ABOUT THIS EXERCISE:
Word for word, transcribe all of the records.

++++ ENTRIES SHOWN

lemma normal_exponential_densities_independent_at_top:
  fixes \<mu> \<sigma> \<beta> :: "'j \<Rightarrow> real" and rate \<gamma> :: "'l \<Rightarrow> real"
  assumes "finite G" "\<forall>j\<in>G. \<sigma> j > 0" "inj_on (\<lambda>j. (\<mu> j, \<sigma> j)) G"
    and "finite E" "\<forall>l\<in>E. rate l > 0" "inj_on rate E"
    and "\<forall>\<^sub>F x in at_top. (\<Sum>j\<in>G. \<beta> j * normal_density (\<mu> j) (\<sigma> j) x)
                         + (\<Sum>l\<in>E. \<gamma> l * exponential_density (rate l) x) = 0"
  shows "(\<forall>j\<in>G. \<beta> j = 0) \<and> (\<forall>l\<in>E. \<gamma> l = 0)"
proof -
  define C where "C j = exp (- (\<mu> j)\<^sup>2 / (2 * (\<sigma> j)\<^sup>2)) / sqrt (2 * pi * (\<sigma> j)\<^sup>2)" for j
  define p :: "'j + 'l \<Rightarrow> real" where "p = case_sum (\<lambda>j. - 1 / (2 * (\<sigma> j)\<^sup>2)) (\<lambda>l. 0)"
  define q where "q = case_sum (\<lambda>j. \<mu> j / (\<sigma> j)\<^sup>2) (\<lambda>l. - rate l)"
  define c where "c = case_sum (\<lambda>j. \<beta> j * C j) (\<lambda>l. \<gamma> l * rate l)"
  \<comment> \<open>Gaussians have p < 0 and exponential densities p = 0, so only densities of the same kind can collide.\<close>
  have "inj_on (\<lambda>t. (p t, q t)) (G <+> E)"
  proof (rule inj_onI; elim PlusE; clarify)
    fix j j' assume "j \<in> G" "j' \<in> G" "p (Inl j) = p (Inl j')" "q (Inl j) = q (Inl j')"
    then have "(\<sigma> j)\<^sup>2 = (\<sigma> j')\<^sup>2" "\<mu> j = \<mu> j'"
      using assms(2) by (auto simp: p_def q_def field_simps)
    moreover from this(1) have "\<sigma> j = \<sigma> j'"
      using assms(2) \<open>j \<in> G\<close> \<open>j' \<in> G\<close> by (simp add: less_imp_le)
    ultimately show "j = j'"
      using assms(3) \<open>j \<in> G\<close> \<open>j' \<in> G\<close> by (auto dest: inj_onD)
  next
    fix l l' assume "l \<in> E" "l' \<in> E" "q (Inr l) = q (Inr l')"
    with assms(6) show "l = l'"
      by (auto simp: q_def dest: inj_onD)
  qed (use assms(2) in \<open>auto simp: p_def\<close>)
  moreover have "\<forall>\<^sub>F x in at_top. (\<Sum>t\<in>G <+> E. c t * exp (p t * x\<^sup>2 + q t * x)) = 0"
    using assms(7) eventually_ge_at_top[of 0]
    by eventually_elim
      (simp add: assms(1,4) sum.Plus p_def q_def c_def C_def normal_density_exp_quadratic exponential_density_def
        mult_ac)
  ultimately have c_0: "\<forall>t\<in>G <+> E. c t = 0"
    using assms(1,4) by (intro exp_quadratic_linear_independent) auto
  have "\<beta> j = 0" if "j \<in> G" for j
  proof -
    have "C j > 0"
      using assms(2) that by (auto simp: C_def intro!: divide_pos_pos)
    with c_0 that show ?thesis
      by (force simp: c_def)
  qed
  moreover have "\<gamma> l = 0" if "l \<in> E" for l
    using c_0 assms(5) that by (force simp: c_def)
  ultimately show ?thesis
    by blast
qed

lemma normal_exponential_densities_independent_AE:
  fixes \<mu> \<sigma> \<beta> :: "'j \<Rightarrow> real" and rate \<gamma> :: "'l \<Rightarrow> real"
  assumes "finite G" "\<forall>j\<in>G. \<sigma> j > 0" "inj_on (\<lambda>j. (\<mu> j, \<sigma> j)) G"
    and "finite E" "\<forall>l\<in>E. rate l > 0" "inj_on rate E"
    and "AE x in lborel. M < x \<longrightarrow> (\<Sum>j\<in>G. \<beta> j * normal_density (\<mu> j) (\<sigma> j) x)
                                   + (\<Sum>l\<in>E. \<gamma> l * exponential_density (rate l) x) = 0"
  shows "(\<forall>j\<in>G. \<beta> j = 0) \<and> (\<forall>l\<in>E. \<gamma> l = 0)"
proof (rule normal_exponential_densities_independent_at_top[OF assms(1-6)])
  \<comment> \<open>Exponential densities jump at 0.\<close>
  define M' where "M' = max M 0"
  let ?F = "\<lambda>x. (\<Sum>j\<in>G. \<beta> j * normal_density (\<mu> j) (\<sigma> j) x)
                + (\<Sum>l\<in>E. \<gamma> l * exponential_density (rate l) x)"
  have "continuous_on {M'<..} (normal_density (\<mu> j) (\<sigma> j))" if "j \<in> G" for j
    using assms(2) that by (auto simp: normal_density_def intro!: continuous_intros)
  moreover have "continuous_on {M'<..} (exponential_density r)" for r
    using continuous_on_erlang_density by (rule continuous_on_subset) (auto simp: M'_def)
  ultimately have "continuous_on {M'<..} ?F"
    by (intro continuous_on_add continuous_on_sum continuous_on_mult_left) auto
  moreover have "AE x in lborel. x \<in> {M'<..} \<longrightarrow> ?F x = 0"
    using assms(7) by eventually_elim (simp add: M'_def)
  ultimately have F_0: "\<forall>x\<in>{M'<..}. ?F x = 0"
    by (rule continuous_on_AE_zero_imp_zero[OF open_greaterThan])
  show "\<forall>\<^sub>F x in at_top. ?F x = 0"
    using eventually_gt_at_top[of M'] by (rule eventually_mono) (use F_0 in simp)
qed

lemma sum_monomials_zero_imp_coeffs_zero:
  fixes \<alpha> :: "'i \<Rightarrow> 'a::idom" and k :: "'i \<Rightarrow> nat"
  assumes "finite S" "inj_on k S" "infinite Z" "\<forall>x\<in>Z. (\<Sum>i\<in>S. \<alpha> i * x ^ k i) = 0"
  shows "\<forall>i\<in>S. \<alpha> i = 0"
proof
  fix i0 assume "i0 \<in> S"
  define P where "P = (\<Sum>i\<in>S. monom (\<alpha> i) (k i))"
  have "Z \<subseteq> {x. poly P x = 0}"
    using assms(4) by (auto simp: P_def poly_sum poly_monom)
  with assms(3) have "P = 0"
    using poly_roots_finite finite_subset by blast
  have "coeff P (k i0) = (\<Sum>i\<in>S. if i = i0 then \<alpha> i else 0)"
    unfolding P_def coeff_sum coeff_monom
    using assms(2) \<open>i0 \<in> S\<close> by (intro sum.cong) (auto dest: inj_onD)
  with \<open>P = 0\<close> \<open>i0 \<in> S\<close> assms(1) show "\<alpha> i0 = 0"
    by simp
qed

++++++++

ANSWER FOR THE TASK:
lemma normal_exponential_densities_independent_at_top:
  fixes \<mu> \<sigma> \<beta> :: "'j \<Rightarrow> real" and rate \<gamma> :: "'l \<Rightarrow> real"
  assumes "finite G" "\<forall>j\<in>G. \<sigma> j > 0" "inj_on (\<lambda>j. (\<mu> j, \<sigma> j)) G"
    and "finite E" "\<forall>l\<in>E. rate l > 0" "inj_on rate E"
    and "\<forall>\<^sub>F x in at_top. (\<Sum>j\<in>G. \<beta> j * normal_density (\<mu> j) (\<sigma> j) x)
                         + (\<Sum>l\<in>E. \<gamma> l * exponential_density (rate l) x) = 0"
  shows "(\<forall>j\<in>G. \<beta> j = 0) \<and> (\<forall>l\<in>E. \<gamma> l = 0)"
proof -
  define C where "C j = exp (- (\<mu> j)\<^sup>2 / (2 * (\<sigma> j)\<^sup>2)) / sqrt (2 * pi * (\<sigma> j)\<^sup>2)" for j
  define p :: "'j + 'l \<Rightarrow> real" where "p = case_sum (\<lambda>j. - 1 / (2 * (\<sigma> j)\<^sup>2)) (\<lambda>l. 0)"
  define q where "q = case_sum (\<lambda>j. \<mu> j / (\<sigma> j)\<^sup>2) (\<lambda>l. - rate l)"
  define c where "c = case_sum (\<lambda>j. \<beta> j * C j) (\<lambda>l. \<gamma> l * rate l)"
  \<comment> \<open>Gaussians have p < 0 and exponential densities p = 0, so only densities of the same kind can collide.\<close>
  have "inj_on (\<lambda>t. (p t, q t)) (G <+> E)"
  proof (rule inj_onI; elim PlusE; clarify)
    fix j j' assume "j \<in> G" "j' \<in> G" "p (Inl j) = p (Inl j')" "q (Inl j) = q (Inl j')"
    then have "(\<sigma> j)\<^sup>2 = (\<sigma> j')\<^sup>2" "\<mu> j = \<mu> j'"
      using assms(2) by (auto simp: p_def q_def field_simps)
    moreover from this(1) have "\<sigma> j = \<sigma> j'"
      using assms(2) \<open>j \<in> G\<close> \<open>j' \<in> G\<close> by (simp add: less_imp_le)
    ultimately show "j = j'"
      using assms(3) \<open>j \<in> G\<close> \<open>j' \<in> G\<close> by (auto dest: inj_onD)
  next
    fix l l' assume "l \<in> E" "l' \<in> E" "q (Inr l) = q (Inr l')"
    with assms(6) show "l = l'"
      by (auto simp: q_def dest: inj_onD)
  qed (use assms(2) in \<open>auto simp: p_def\<close>)
  moreover have "\<forall>\<^sub>F x in at_top. (\<Sum>t\<in>G <+> E. c t * exp (p t * x\<^sup>2 + q t * x)) = 0"
    using assms(7) eventually_ge_at_top[of 0]
    by eventually_elim
      (simp add: assms(1,4) sum.Plus p_def q_def c_def C_def normal_density_exp_quadratic exponential_density_def
        mult_ac)
  ultimately have c_0: "\<forall>t\<in>G <+> E. c t = 0"
    using assms(1,4) by (intro exp_quadratic_linear_independent) auto
  have "\<beta> j = 0" if "j \<in> G" for j
  proof -
    have "C j > 0"
      using assms(2) that by (auto simp: C_def intro!: divide_pos_pos)
    with c_0 that show ?thesis
      by (force simp: c_def)
  qed
  moreover have "\<gamma> l = 0" if "l \<in> E" for l
    using c_0 assms(5) that by (force simp: c_def)
  ultimately show ?thesis
    by blast
qed

lemma normal_exponential_densities_independent_AE:
  fixes \<mu> \<sigma> \<beta> :: "'j \<Rightarrow> real" and rate \<gamma> :: "'l \<Rightarrow> real"
  assumes "finite G" "\<forall>j\<in>G. \<sigma> j > 0" "inj_on (\<lambda>j. (\<mu> j, \<sigma> j)) G"
    and "finite E" "\<forall>l\<in>E. rate l > 0" "inj_on rate E"
    and "AE x in lborel. M < x \<longrightarrow> (\<Sum>j\<in>G. \<beta> j * normal_density (\<mu> j) (\<sigma> j) x)
                                   + (\<Sum>l\<in>E. \<gamma> l * exponential_density (rate l) x) = 0"
  shows "(\<forall>j\<in>G. \<beta> j = 0) \<and> (\<forall>l\<in>E. \<gamma> l = 0)"
proof (rule normal_exponential_densities_independent_at_top[OF assms(1-6)])
  \<comment> \<open>Exponential densities jump at 0.\<close>
  define M' where "M' = max M 0"
  let ?F = "\<lambda>x. (\<Sum>j\<in>G. \<beta> j * normal_density (\<mu> j) (\<sigma> j) x)
                + (\<Sum>l\<in>E. \<gamma> l * exponential_density (rate l) x)"
  have "continuous_on {M'<..} (normal_density (\<mu> j) (\<sigma> j))" if "j \<in> G" for j
    using assms(2) that by (auto simp: normal_density_def intro!: continuous_intros)
  moreover have "continuous_on {M'<..} (exponential_density r)" for r
    using continuous_on_erlang_density by (rule continuous_on_subset) (auto simp: M'_def)
  ultimately have "continuous_on {M'<..} ?F"
    by (intro continuous_on_add continuous_on_sum continuous_on_mult_left) auto
  moreover have "AE x in lborel. x \<in> {M'<..} \<longrightarrow> ?F x = 0"
    using assms(7) by eventually_elim (simp add: M'_def)
  ultimately have F_0: "\<forall>x\<in>{M'<..}. ?F x = 0"
    by (rule continuous_on_AE_zero_imp_zero[OF open_greaterThan])
  show "\<forall>\<^sub>F x in at_top. ?F x = 0"
    using eventually_gt_at_top[of M'] by (rule eventually_mono) (use F_0 in simp)
qed

lemma sum_monomials_zero_imp_coeffs_zero:
  fixes \<alpha> :: "'i \<Rightarrow> 'a::idom" and k :: "'i \<Rightarrow> nat"
  assumes "finite S" "inj_on k S" "infinite Z" "\<forall>x\<in>Z. (\<Sum>i\<in>S. \<alpha> i * x ^ k i) = 0"
  shows "\<forall>i\<in>S. \<alpha> i = 0"
proof
  fix i0 assume "i0 \<in> S"
  define P where "P = (\<Sum>i\<in>S. monom (\<alpha> i) (k i))"
  have "Z \<subseteq> {x. poly P x = 0}"
    using assms(4) by (auto simp: P_def poly_sum poly_monom)
  with assms(3) have "P = 0"
    using poly_roots_finite finite_subset by blast
  have "coeff P (k i0) = (\<Sum>i\<in>S. if i = i0 then \<alpha> i else 0)"
    unfolding P_def coeff_sum coeff_monom
    using assms(2) \<open>i0 \<in> S\<close> by (intro sum.cong) (auto dest: inj_onD)
  with \<open>P = 0\<close> \<open>i0 \<in> S\<close> assms(1) show "\<alpha> i0 = 0"
    by simp
qed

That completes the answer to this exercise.